*** GIVEN ENTRIES ***

theorem lemmaA6:
  fixes P :: "((real ^ 'd) \<times> real) measure"
    and XX :: "(real ^ 'd) set"
    and \<phi> :: "real \<Rightarrow> real"
    and \<eta> :: "real ^ 'd \<Rightarrow> real"
    and eps a c \<beta> :: real and r :: nat
    and f :: "real ^ 'd \<Rightarrow> real"
  assumes XX_cube: "XX \<subseteq> unit_cube"
    and eps_pos: "eps > 0"
    and beta: "0 < \<beta>" "\<beta> \<le> 1"
    and P_prob: "prob_space P"
    and P_sets: "sets P = sets borel"
    and P_X: "AE z in P. fst z \<in> XX"
    and P_Y: "AE z in P. snd z \<in> {-1, 1}"
    and eta_meas: "\<eta> \<in> borel_measurable borel"
    and eta_cond: "\<And>A. A \<in> sets borel \<Longrightarrow>
        measure P {z \<in> space P. fst z \<in> A \<and> snd z = 1} = (LINT x:A | distr P borel fst. \<eta> x)"
    and phi_nonneg: "\<And>u. \<phi> u \<ge> 0"
    and phi_cont: "continuous_on UNIV \<phi>"
    and phi_decr: "antimono \<phi>"
    and a_pos: "a > 0" and c_pos: "c > 0"
    and calib1: "\<And>x g e. x \<in> XX \<Longrightarrow> continuous_on XX g \<Longrightarrow> e \<in> {0..1} \<Longrightarrow>
        C_phi \<phi> e x g - C_phi_star \<phi> e x \<ge> a * (C_class e x g - C_class_star e x)"
    and calib2: "\<And>x e. x \<in> XX \<Longrightarrow> e \<in> {0..1} \<Longrightarrow> \<bar>e - 1/2\<bar> > c \<Longrightarrow>
        \<phi> 0 - C_phi_star \<phi> e x \<ge> a * (1 - C_class_star e x)"
    and eta_margin: "\<And>x. x \<in> XX \<Longrightarrow> \<bar>\<eta> x - 1/2\<bar> > c"
    and f_cont: "continuous_on XX f"
  shows "adv_risk P XX \<phi> f eps - (INF g\<in>holder_ball r \<beta>. adv_risk P XX \<phi> g eps)
      \<ge> ereal a * (adv_class_risk P XX f eps - class_risk_star P)
         - (INF g\<in>holder_ball r \<beta>. adv_risk P XX \<phi> g eps) + risk_star P \<phi>"
proof -
  have C_star: "C_phi_star \<phi> e x = min_cond_risk \<phi> e" if "e \<in> {0..1}" for e x
    using C_phi_star_eq_min_cond_risk[OF phi_cont phi_nonneg that] .
  have "regression_function P \<eta>"
    by (rule regression_function.intro) fact+
  interpret calibrated_adversarial_setting P \<eta> XX eps a \<phi> f
  proof (intro calibrated_adversarial_setting.intro regression_function_vector.intro
      calibrated_adversarial_setting_axioms.intro)
    fix x assume x: "x \<in> XX" "\<eta> x \<in> {0..1}"
    show "a * ((if f x < 0 then \<eta> x else 1 - \<eta> x) - min (\<eta> x) (1 - \<eta> x))
        \<le> \<phi> (f x) * \<eta> x + \<phi> (- f x) * (1 - \<eta> x) - min_cond_risk \<phi> (\<eta> x)"
      using calib1[OF x(1) f_cont x(2)] unfolding C_star[OF x(2)]
      by (cases "f x < 0") (simp_all add: C_phi_def C_class_def C_class_star_def)
    show "a * (1 - min (\<eta> x) (1 - \<eta> x)) \<le> \<phi> 0 - min_cond_risk \<phi> (\<eta> x)"
      using calib2[OF x eta_margin[OF x(1)]] unfolding C_star[OF x(2)] by (simp add: C_class_star_def)
  qed (use \<open>regression_function P \<eta>\<close> P_X eps_pos phi_cont phi_nonneg phi_decr a_pos f_cont in auto)
  show ?thesis
  proof (rule ereal_excess_rearrange[OF adv_risk_calibration_bound risk_star_nonneg
        risk_star_le_nn_integral_min_cond_risk[OF phi_cont phi_nonneg] _ _
        nn_integral_min_eta_le_class_risk_star class_risk_star_le_1 _ adv_class_risk_le_1 a_pos])
    show "enn2ereal (\<integral>\<^sup>+ x. ennreal (min_cond_risk \<phi> (\<eta> x)) \<partial>PX) \<noteq> \<infinity>"
      using nn_integral_min_cond_risk_finite[of \<phi>, OF phi_nonneg] by simp
  qed (simp_all add: adv_class_risk_def adv_risk_def INF_greatest)
qed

*** End of GIVEN ENTRIES ***

ACTIVITY: Your task is to reproduce all the data exactly as shown.

SOLUTION:
theorem lemmaA6:
  fixes P :: "((real ^ 'd) \<times> real) measure"
    and XX :: "(real ^ 'd) set"
    and \<phi> :: "real \<Rightarrow> real"
    and \<eta> :: "real ^ 'd \<Rightarrow> real"
    and eps a c \<beta> :: real and r :: nat
    and f :: "real ^ 'd \<Rightarrow> real"
  assumes XX_cube: "XX \<subseteq> unit_cube"
    and eps_pos: "eps > 0"
    and beta: "0 < \<beta>" "\<beta> \<le> 1"
    and P_prob: "prob_space P"
    and P_sets: "sets P = sets borel"
    and P_X: "AE z in P. fst z \<in> XX"
    and P_Y: "AE z in P. snd z \<in> {-1, 1}"
    and eta_meas: "\<eta> \<in> borel_measurable borel"
    and eta_cond: "\<And>A. A \<in> sets borel \<Longrightarrow>
        measure P {z \<in> space P. fst z \<in> A \<and> snd z = 1} = (LINT x:A | distr P borel fst. \<eta> x)"
    and phi_nonneg: "\<And>u. \<phi> u \<ge> 0"
    and phi_cont: "continuous_on UNIV \<phi>"
    and phi_decr: "antimono \<phi>"
    and a_pos: "a > 0" and c_pos: "c > 0"
    and calib1: "\<And>x g e. x \<in> XX \<Longrightarrow> continuous_on XX g \<Longrightarrow> e \<in> {0..1} \<Longrightarrow>
        C_phi \<phi> e x g - C_phi_star \<phi> e x \<ge> a * (C_class e x g - C_class_star e x)"
    and calib2: "\<And>x e. x \<in> XX \<Longrightarrow> e \<in> {0..1} \<Longrightarrow> \<bar>e - 1/2\<bar> > c \<Longrightarrow>
        \<phi> 0 - C_phi_star \<phi> e x \<ge> a * (1 - C_class_star e x)"
    and eta_margin: "\<And>x. x \<in> XX \<Longrightarrow> \<bar>\<eta> x - 1/2\<bar> > c"
    and f_cont: "continuous_on XX f"
  shows "adv_risk P XX \<phi> f eps - (INF g\<in>holder_ball r \<beta>. adv_risk P XX \<phi> g eps)
      \<ge> ereal a * (adv_class_risk P XX f eps - class_risk_star P)
         - (INF g\<in>holder_ball r \<beta>. adv_risk P XX \<phi> g eps) + risk_star P \<phi>"
proof -
  have C_star: "C_phi_star \<phi> e x = min_cond_risk \<phi> e" if "e \<in> {0..1}" for e x
    using C_phi_star_eq_min_cond_risk[OF phi_cont phi_nonneg that] .
  have "regression_function P \<eta>"
    by (rule regression_function.intro) fact+
  interpret calibrated_adversarial_setting P \<eta> XX eps a \<phi> f
  proof (intro calibrated_adversarial_setting.intro regression_function_vector.intro
      calibrated_adversarial_setting_axioms.intro)
    fix x assume x: "x \<in> XX" "\<eta> x \<in> {0..1}"
    show "a * ((if f x < 0 then \<eta> x else 1 - \<eta> x) - min (\<eta> x) (1 - \<eta> x))
        \<le> \<phi> (f x) * \<eta> x + \<phi> (- f x) * (1 - \<eta> x) - min_cond_risk \<phi> (\<eta> x)"
      using calib1[OF x(1) f_cont x(2)] unfolding C_star[OF x(2)]
      by (cases "f x < 0") (simp_all add: C_phi_def C_class_def C_class_star_def)
    show "a * (1 - min (\<eta> x) (1 - \<eta> x)) \<le> \<phi> 0 - min_cond_risk \<phi> (\<eta> x)"
      using calib2[OF x eta_margin[OF x(1)]] unfolding C_star[OF x(2)] by (simp add: C_class_star_def)
  qed (use \<open>regression_function P \<eta>\<close> P_X eps_pos phi_cont phi_nonneg phi_decr a_pos f_cont in auto)
  show ?thesis
  proof (rule ereal_excess_rearrange[OF adv_risk_calibration_bound risk_star_nonneg
        risk_star_le_nn_integral_min_cond_risk[OF phi_cont phi_nonneg] _ _
        nn_integral_min_eta_le_class_risk_star class_risk_star_le_1 _ adv_class_risk_le_1 a_pos])
    show "enn2ereal (\<integral>\<^sup>+ x. ennreal (min_cond_risk \<phi> (\<eta> x)) \<partial>PX) \<noteq> \<infinity>"
      using nn_integral_min_cond_risk_finite[of \<phi>, OF phi_nonneg] by simp
  qed (simp_all add: adv_class_risk_def adv_risk_def INF_greatest)
qed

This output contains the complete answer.